README.md 2.74 KB

Node Crawler Examples

Node Crawler is a great open source web scraping tool. However, there are a few common questions regarding how to use it. Let's hash it out:

Table of Content

Use Proxy with Crawler

Most large scale webscraping tasks requires us to perform countless amounts of access to a specific website. This could be very risky using only one IP address since the website could permanently or temporarily block our IP address. Instead, we can use a proxy that gives us the freedom to access websites using multiple different IPs.

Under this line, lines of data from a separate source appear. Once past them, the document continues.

(* Let $P$ be a maximal ranked poset. Then the number of triangular $2$-faces of the order polytope $\mathcal O(P)$ is less than or equal to the number of triangular $2$-faces of the chain polytope $\mathcal C(P)$.
   Context: For a finite poset $P=\{p_1,\dots,p_d\}$, the order polytope is $\mathcal O(P)=\{x\in\mathbb R^d: 0\le x_i\le 1 \text{ for all } i,\ x_i\ge x_j \text{ if } p_i\le p_j \text{ in } P\}$ and the chain polytope is $\mathcal C(P)=\{x\in\mathbb R^d: x_i\ge 0 \text{ for all } i,\ x_{i_1}+\dots+x_{i_k}\le 1 \text{ if } p_{i_1}<\dots<p_{i_k} \text{ in } P\}$. A triangular 2-face is a 2-dimensional face with exactly three vertices. The length of a chain $C$ is $|C|-1$; $P$ is graded of rank $n$ if every maximal chain has length $n$, and then $P=\bigcup_{i=0}^n P_i$ where every maximal chain is $p_0<\dots<p_n$ with $p_i\in P_i$ (elements of rank $i$). $P$ is a maximal ranked poset if it is graded and any two elements of distinct ranks are comparable. *)

theory Defs
  imports "HOL-Analysis.Analysis"
begin

text \<open>A finite poset is modelled by a finite type 'n (the elements p_1..p_d)
 together with a partial order relation le on it. Points of R^d are real^'n.\<close>

definition poset :: "('n \<Rightarrow> 'n \<Rightarrow> bool) \<Rightarrow> bool" where
  "poset le \<longleftrightarrow> (\<forall>a. le a a) \<and> (\<forall>a b. le a b \<and> le b a \<longrightarrow> a = b)
     \<and> (\<forall>a b c. le a b \<and> le b c \<longrightarrow> le a c)"

definition is_chain :: "('n \<Rightarrow> 'n \<Rightarrow> bool) \<Rightarrow> 'n set \<Rightarrow> bool" where
  "is_chain le C \<longleftrightarrow> (\<forall>a\<in>C. \<forall>b\<in>C. le a b \<or> le b a)"

definition maximal_chain :: "('n \<Rightarrow> 'n \<Rightarrow> bool) \<Rightarrow> 'n set \<Rightarrow> bool" where
  "maximal_chain le C \<longleftrightarrow> is_chain le C \<and> (\<forall>D. is_chain le D \<and> C \<subseteq> D \<longrightarrow> D = C)"

definition graded_of_rank :: "('n::finite \<Rightarrow> 'n \<Rightarrow> bool) \<Rightarrow> nat \<Rightarrow> bool" where
  "graded_of_rank le n \<longleftrightarrow> (\<forall>C. maximal_chain le C \<longrightarrow> card C - 1 = n)"

definition graded :: "('n::finite \<Rightarrow> 'n \<Rightarrow> bool) \<Rightarrow> bool" where
  "graded le \<longleftrightarrow> (\<exists>n. graded_of_rank le n)"

text \<open>Rank of an element: the maximal length of a chain whose top element is p
 (in a graded poset this is the index i with p in P_i).\<close>
definition rank :: "('n::finite \<Rightarrow> 'n \<Rightarrow> bool) \<Rightarrow> 'n \<Rightarrow> nat" where
  "rank le p = Max {card C - 1 | C. is_chain le C \<and> p \<in> C \<and> (\<forall>q\<in>C. le q p)}"

definition maximal_ranked :: "('n::finite \<Rightarrow> 'n \<Rightarrow> bool) \<Rightarrow> bool" where
  "maximal_ranked le \<longleftrightarrow> graded le \<and>
     (\<forall>p q. rank le p \<noteq> rank le q \<longrightarrow> le p q \<or> le q p)"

Below is an example of how to use a proxy with Crawler:

const Crawler = require("crawler");

// for global
new Crawler({
    rateLimit:1000,
    proxy: "http://proxy.example.com"
});

//for just one task
Crawler.queue({
    uri: "http://www.example.com",
    proxy: "http://proxy.example.com"
})

Download Images and Other Files

Some of our web scraping tasks involves downloading images or other file types, like grabbing images to train image recognition algorithms. With crawler, a few settings will do the trick; simply set encoding and jQuery options to null and false respectively when queuing a task. Below is an example of downloading images with Crawler:

const Crawler = require("crawler");
const fs = require("fs");

let crawler = new Crawler({
    maxConnections : 10,
    // This will be called for each crawled page
    callback : function (error, res, done) {
        if(error){
            console.log(error);
        }else{
            fs.createWriteStream(res.options.filename).write(res.body);
        }
        done();
    }
});

crawler.queue({
   uri: 'http://www.example.com/image.jpg',
   filename: 'myImage.jpg',
   encoding: null,
   jQuery: false
});

Get Full Path Using jQuery Selector

Visiting different layers within a website requires us to follow embedded links/paths. However, most embedded links can only give us partial links/paths. To obtain the full path, simply use URL.resolve(requestUrl, href) to concatenate the full path. Here is an example:

Say that you want to visit http://www.google.com/search and it returns : <a href="/article/174143.html" class="transition" target="_blank">hello world</a> The following code will concatenate the partial url into a full path:

const URL = require('url')

let requestUrl = res.request.uri.href;
let href = $('a.transition').attr('href')

# This gives you 'http://www.google.com/article/174143.html'
console.log(URL.resolve(requestUrl, href))